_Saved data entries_
»»

(* Let $\alpha \in [0, 1/10)$, let $G$ be an abelian group, let $A$ be a non-empty finite subset of $G$, and let $H$ be a finite subgroup of $G$. If $d(U_A, U_H) \le \alpha$, then there exists $x \in G$ such that \[|A \,\Delta\, (H + \{x\})| \le 10\, \alpha\, |H|.\]
   Context: $\log$ is the natural logarithm. For a random variable $X$ with finite range $R$, $\mathbb{H}(X) = -\sum_{x\in R}\mathbb{P}(X=x)\log \mathbb{P}(X=x)$ is its Shannon entropy. For a non-empty finite set $A$, $U_A$ denotes a random variable uniformly distributed on $A$. For random variables $X,Y$ with finite range in an abelian group, the entropic Ruzsa distance is $d(X,Y) = \mathbb{H}(X'+Y') - (\mathbb{H}(X')+\mathbb{H}(Y'))/2$, where $X',Y'$ are independent with the same distributions as $X,Y$ respectively. $\Delta$ denotes symmetric difference and $H+\{x\}=\{h+x: h\in H\}$. *)

theory Defs
  imports "HOL-Probability.Probability"
begin

definition entropy_pmf :: "'a pmf \<Rightarrow> real" where
  "entropy_pmf p = - (\<Sum>x\<in>set_pmf p. pmf p x * ln (pmf p x))"

text \<open>Entropic Ruzsa distance d(X,Y) where X, Y have distributions p, q:
  H(X'+Y') - (H(X') + H(Y'))/2 with X', Y' independent.\<close>
definition ruzsa_dist :: "'a::ab_group_add pmf \<Rightarrow> 'a pmf \<Rightarrow> real" where
  "ruzsa_dist p q =
     entropy_pmf (map_pmf (\<lambda>(x, y). x + y) (pair_pmf p q))
     - (entropy_pmf p + entropy_pmf q) / 2"

definition add_subgroup :: "'a::ab_group_add set \<Rightarrow> bool" where
  "add_subgroup H \<longleftrightarrow> 0 \<in> H \<and> (\<forall>x\<in>H. \<forall>y\<in>H. x + y \<in> H) \<and> (\<forall>x\<in>H. - x \<in> H)"

end

theory Submission
  imports Defs
begin

text \<open>Write \<open>q\<close> for the law of \<open>U\<^sub>A + U\<^sub>H\<close> and pick \<open>x\<close> where \<open>q\<close> is largest.
  Then \<open>q x = |A \<inter> (H + x)| / (|A| |H|)\<close>, and since \<open>\<bbbH>(q) \<ge> -log q x\<close>, writing
  \<open>a = |A \<inter> (H + x)|\<close> the hypothesis gives \<open>log (|A|/a) + log (|H|/a) \<le> 2 d(U\<^sub>A, U\<^sub>H) \<le> 2\<alpha>\<close>.
  By \<open>log t \<ge> 1 - 1/t\<close> both \<open>1 - a/|A|\<close> and \<open>1 - a/|H|\<close> are small, in particular
  \<open>|A| \<le> 5|H|\<close>, and \<open>|A \<Delta> (H + x)| = (|A| - a) + (|H| - a) \<le> 10 \<alpha> |H|\<close>.\<close>

lemma entropy_pmf_of_set:
  assumes "finite A" "A \<noteq> {}"
  shows "entropy_pmf (pmf_of_set A) = ln (card A)"
proof -
  have "card A > 0" using assms by (simp add: card_gt_0_iff)
  have "entropy_pmf (pmf_of_set A) = - (\<Sum>x\<in>A. (1 / real (card A)) * ln (1 / real (card A)))"
    unfolding entropy_pmf_def using assms by (simp add: pmf_of_set)
  also have "\<dots> = ln (card A)" using \<open>card A > 0\<close> by (simp add: ln_div)
  finally show ?thesis .
qed

lemma entropy_pmf_ge_neg_ln_bound:
  assumes "finite (set_pmf p)" "\<And>y. pmf p y \<le> M"
  shows "- ln M \<le> entropy_pmf p"
proof -
  have "(\<Sum>x\<in>set_pmf p. pmf p x * ln (pmf p x)) \<le> (\<Sum>x\<in>set_pmf p. pmf p x * ln M)"
  proof (rule sum_mono)
    fix x assume "x \<in> set_pmf p"
    then have "pmf p x > 0" by (simp add: pmf_positive)
    then show "pmf p x * ln (pmf p x) \<le> pmf p x * ln M" using assms(2)[of x] by simp
  qed
  also have "\<dots> = ln M"
    using sum_pmf_eq_1[OF assms(1) order.refl] by (simp add: sum_distrib_right[symmetric])
  finally show ?thesis unfolding entropy_pmf_def by simp
qed

lemma pmf_attains_max:
  assumes "finite (set_pmf p)"
  obtains x where "x \<in> set_pmf p" "\<And>y. pmf p y \<le> pmf p x"
proof -
  obtain x where x: "x \<in> set_pmf p" "Max (pmf p ` set_pmf p) = pmf p x"
    using obtains_MAX[OF assms set_pmf_not_empty] by blast
  have "pmf p y \<le> pmf p x" for y
  proof (cases "y \<in> set_pmf p")
    case True
    then show ?thesis using assms by (simp flip: x(2))
  next
    case False
    then show ?thesis by (simp add: set_pmf_iff)
  qed
  with x(1) show thesis using that by blast
qed

lemma add_subgroup_nonempty: "add_subgroup H \<Longrightarrow> H \<noteq> {}"
  unfolding add_subgroup_def by auto

lemma add_subgroup_translate_iff:
  assumes "add_subgroup H"
  shows "y \<in> (\<lambda>b. a + b) ` H \<longleftrightarrow> a \<in> (\<lambda>h. h + y) ` H"
proof
  assume "y \<in> (\<lambda>b. a + b) ` H"
  then obtain b where "b \<in> H" "a = - b + y" by (auto simp: algebra_simps)
  moreover have "- b \<in> H" using \<open>b \<in> H\<close> assms unfolding add_subgroup_def by blast
  ultimately show "a \<in> (\<lambda>h. h + y) ` H" by blast
next
  assume "a \<in> (\<lambda>h. h + y) ` H"
  then obtain b where "b \<in> H" "y = a + - b" by (auto simp: algebra_simps)
  moreover have "- b \<in> H" using \<open>b \<in> H\<close> assms unfolding add_subgroup_def by blast
  ultimately show "y \<in> (\<lambda>b. a + b) ` H" by blast
qed

lemma map_pmf_add_pair_pmf:
  "map_pmf (\<lambda>(x, y). x + y) (pair_pmf p q) = bind_pmf p (\<lambda>a. map_pmf (\<lambda>b. a + b) q)"
  by (simp add: pair_pmf_def map_bind_pmf map_pmf_def[symmetric] bind_return_pmf pmf.map_comp o_def)

lemma pmf_add_uniform_subgroup:
  fixes A H :: "'a::ab_group_add set"
  assumes "finite A" "A \<noteq> {}" "finite H" "add_subgroup H"
  shows "pmf (map_pmf (\<lambda>(x, y). x + y) (pair_pmf (pmf_of_set A) (pmf_of_set H))) y
     = card (A \<inter> (\<lambda>h. h + y) ` H) / (card A * card H)"
proof -
  have "H \<noteq> {}" using assms(4) by (rule add_subgroup_nonempty)
  have translate: "map_pmf (\<lambda>b. a + b) (pmf_of_set H) = pmf_of_set ((\<lambda>b. a + b) ` H)" for a
    by (rule map_pmf_of_set_inj) (use assms \<open>H \<noteq> {}\<close> in auto)
  have "pmf (map_pmf (\<lambda>(x, y). x + y) (pair_pmf (pmf_of_set A) (pmf_of_set H))) y
     = (\<Sum>a\<in>A. indicator ((\<lambda>b. a + b) ` H) y / card H) / card A"
    unfolding map_pmf_add_pair_pmf using assms \<open>H \<noteq> {}\<close>
    by (simp add: pmf_bind_pmf_of_set translate pmf_of_set card_image)
  also have "(\<Sum>a\<in>A. indicator ((\<lambda>b. a + b) ` H) y / card H)
      = (\<Sum>a\<in>A. indicator ((\<lambda>h. h + y) ` H) a) / card H"
    by (simp add: sum_divide_distrib[symmetric] indicator_def add_subgroup_translate_iff[OF assms(4)])
  also have "(\<Sum>a\<in>A. indicator ((\<lambda>h. h + y) ` H) a) = real (card (A \<inter> (\<lambda>h. h + y) ` H))"
    using assms(1) by (simp add: indicator_def sum.If_cases Int_def)
  finally show ?thesis by simp
qed

lemma ruzsa_dist_uniform_subgroup_ge_overlap:
  fixes A H :: "'a::ab_group_add set"
  assumes "finite A" "A \<noteq> {}" "finite H" "add_subgroup H"
  obtains x where "A \<inter> (\<lambda>h. h + x) ` H \<noteq> {}"
    and "(ln (card A) + ln (card H)) / 2 - ln (card (A \<inter> (\<lambda>h. h + x) ` H))
           \<le> ruzsa_dist (pmf_of_set A) (pmf_of_set H)"
proof -
  have "H \<noteq> {}" using assms(4) by (rule add_subgroup_nonempty)
  define q where "q = map_pmf (\<lambda>(x, y). x + y) (pair_pmf (pmf_of_set A) (pmf_of_set H))"
  have "finite (set_pmf q)"
    unfolding q_def using assms \<open>H \<noteq> {}\<close> by (simp add: set_pair_pmf)
  then obtain x where x: "x \<in> set_pmf q" "\<And>y. pmf q y \<le> pmf q x"
    by (rule pmf_attains_max) blast
  define a where "a = card (A \<inter> (\<lambda>h. h + x) ` H)"
  have q_x: "pmf q x = a / (card A * card H)"
    unfolding q_def a_def by (rule pmf_add_uniform_subgroup[OF assms])
  have "card A > 0" "card H > 0" using assms \<open>H \<noteq> {}\<close> by (auto simp: card_gt_0_iff)
  moreover have "a > 0" using x(1) q_x by (cases "a = 0") (auto simp: set_pmf_eq)
  ultimately have "ln (card A) + ln (card H) - ln a = - ln (pmf q x)"
    unfolding q_x by (simp add: ln_div ln_mult)
  also have "\<dots> \<le> entropy_pmf q"
    using entropy_pmf_ge_neg_ln_bound \<open>finite (set_pmf q)\<close> x(2) .
  finally have "(ln (card A) + ln (card H)) / 2 - ln a \<le> ruzsa_dist (pmf_of_set A) (pmf_of_set H)"
    unfolding ruzsa_dist_def q_def[symmetric] using assms \<open>H \<noteq> {}\<close>
    by (simp add: entropy_pmf_of_set field_simps)
  moreover have "A \<inter> (\<lambda>h. h + x) ` H \<noteq> {}" using \<open>a > 0\<close> unfolding a_def by auto
  ultimately show thesis using that a_def by blast
qed

lemma sym_diff_bound_of_log_overlap:
  fixes n h a \<alpha> :: real
  assumes "0 < a" "a \<le> n" "a \<le> h" "ln (n / a) + ln (h / a) \<le> 2 * \<alpha>" "\<alpha> < 1/10"
  shows "n + h - 2 * a \<le> 10 * \<alpha> * h"
proof -
  have "0 < n" "0 < h" using assms by auto
  have "1 - a / n \<le> ln (n / a)" "1 - a / h \<le> ln (h / a)"
    using ln_le_minus_one[of "a / n"] ln_le_minus_one[of "a / h"] assms \<open>0 < n\<close> \<open>0 < h\<close>
    by (simp_all add: ln_div)
  moreover have "0 \<le> 1 - a / n" "0 \<le> 1 - a / h" using assms \<open>0 < n\<close> \<open>0 < h\<close> by simp_all
  ultimately have L: "(1 - a / n) + (1 - a / h) \<le> 2 * \<alpha>" "1 - a / n < 1/5"
    using assms(4,5) by linarith+
  from L(2) have "n \<le> 5 * h" using \<open>0 < n\<close> assms(3) by (simp add: field_simps)
  have "n + h - 2 * a = n * (1 - a / n) + h * (1 - a / h)"
    using \<open>0 < n\<close> \<open>0 < h\<close> by (simp add: field_simps)
  also have "\<dots> \<le> 5 * h * (1 - a / n) + 5 * h * (1 - a / h)"
    using \<open>n \<le> 5 * h\<close> \<open>0 \<le> 1 - a / n\<close> \<open>0 \<le> 1 - a / h\<close> \<open>0 < h\<close>
    by (intro add_mono mult_right_mono) auto
  also have "\<dots> \<le> 5 * h * (2 * \<alpha>)"
    using L(1) \<open>0 < h\<close> by (simp flip: distrib_left)
  finally show ?thesis by (simp add: mult_ac)
qed

lemma card_sym_diff:
  assumes "finite A" "finite B"
  shows "card (sym_diff A B) = card A + card B - 2 * card (A \<inter> B)"
proof -
  have "card ((A - B) \<union> (B - A)) = card (A - B) + card (B - A)"
    using assms by (intro card_Un_disjoint) auto
  moreover have "card (A - B) = card A - card (A \<inter> B)" "card (B - A) = card B - card (A \<inter> B)"
    using assms by (simp_all add: card_Diff_subset_Int Diff_Int2 card_Diff_subset Int_commute)
  moreover have "card (A \<inter> B) \<le> card A" "card (A \<inter> B) \<le> card B"
    using assms by (simp_all add: card_mono)
  ultimately show ?thesis by simp
qed

theorem mainTheorem3:
  fixes \<alpha> :: real and A H :: "'a::ab_group_add set"
  assumes "0 \<le> \<alpha>" and "\<alpha> < 1/10"
    and "finite A" and "A \<noteq> {}"
    and "finite H" and "add_subgroup H"
    and "ruzsa_dist (pmf_of_set A) (pmf_of_set H) \<le> \<alpha>"
  shows "\<exists>x. real (card ((A - (\<lambda>h. h + x) ` H) \<union> ((\<lambda>h. h + x) ` H - A)))
               \<le> 10 * \<alpha> * real (card H)"
proof -
  obtain x where overlap: "A \<inter> (\<lambda>h. h + x) ` H \<noteq> {}"
    and dist: "(ln (card A) + ln (card H)) / 2 - ln (card (A \<inter> (\<lambda>h. h + x) ` H))
                 \<le> ruzsa_dist (pmf_of_set A) (pmf_of_set H)"
    using ruzsa_dist_uniform_subgroup_ge_overlap[OF assms(3-6)] by blast
  define B where "B = (\<lambda>h. h + x) ` H"
  define a where "a = card (A \<inter> B)"
  have "finite B" "card B = card H" unfolding B_def using assms(5) by (simp_all add: card_image)
  have "0 < a" using overlap assms(3) unfolding a_def B_def by (simp add: card_gt_0_iff)
  moreover have "a \<le> card A" "a \<le> card H"
    unfolding a_def \<open>card B = card H\<close>[symmetric] using assms(3) \<open>finite B\<close> by (simp_all add: card_mono)
  moreover have "ln (card A / a) + ln (card H / a) \<le> 2 * \<alpha>"
    using dist assms(7) calculation unfolding a_def B_def by (simp add: ln_div field_simps)
  ultimately have "real (card A) + card H - 2 * a \<le> 10 * \<alpha> * card H"
    using sym_diff_bound_of_log_overlap assms(2) by simp
  then show ?thesis
    using card_sym_diff[OF assms(3) \<open>finite B\<close>] \<open>card B = card H\<close> \<open>a \<le> card A\<close> \<open>a \<le> card H\<close>
    unfolding a_def B_def by (intro exI[of _ x]) simp
qed

end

««

Reproduce, word for word and in full, only the lines above that start at the line with "B_def by (simp add: card_gt_0_iff)" and run through the line with "unfolding a_def \<open>card", both ends included.

  have "0 < a" using overlap assms(3) unfolding a_def B_def by (simp add: card_gt_0_iff)
  moreover have "a \<le> card A" "a \<le> card H"
    unfolding a_def \<open>card B = card H\<close>[symmetric] using assms(3) \<open>finite B\<close> by (simp_all add: card_mono)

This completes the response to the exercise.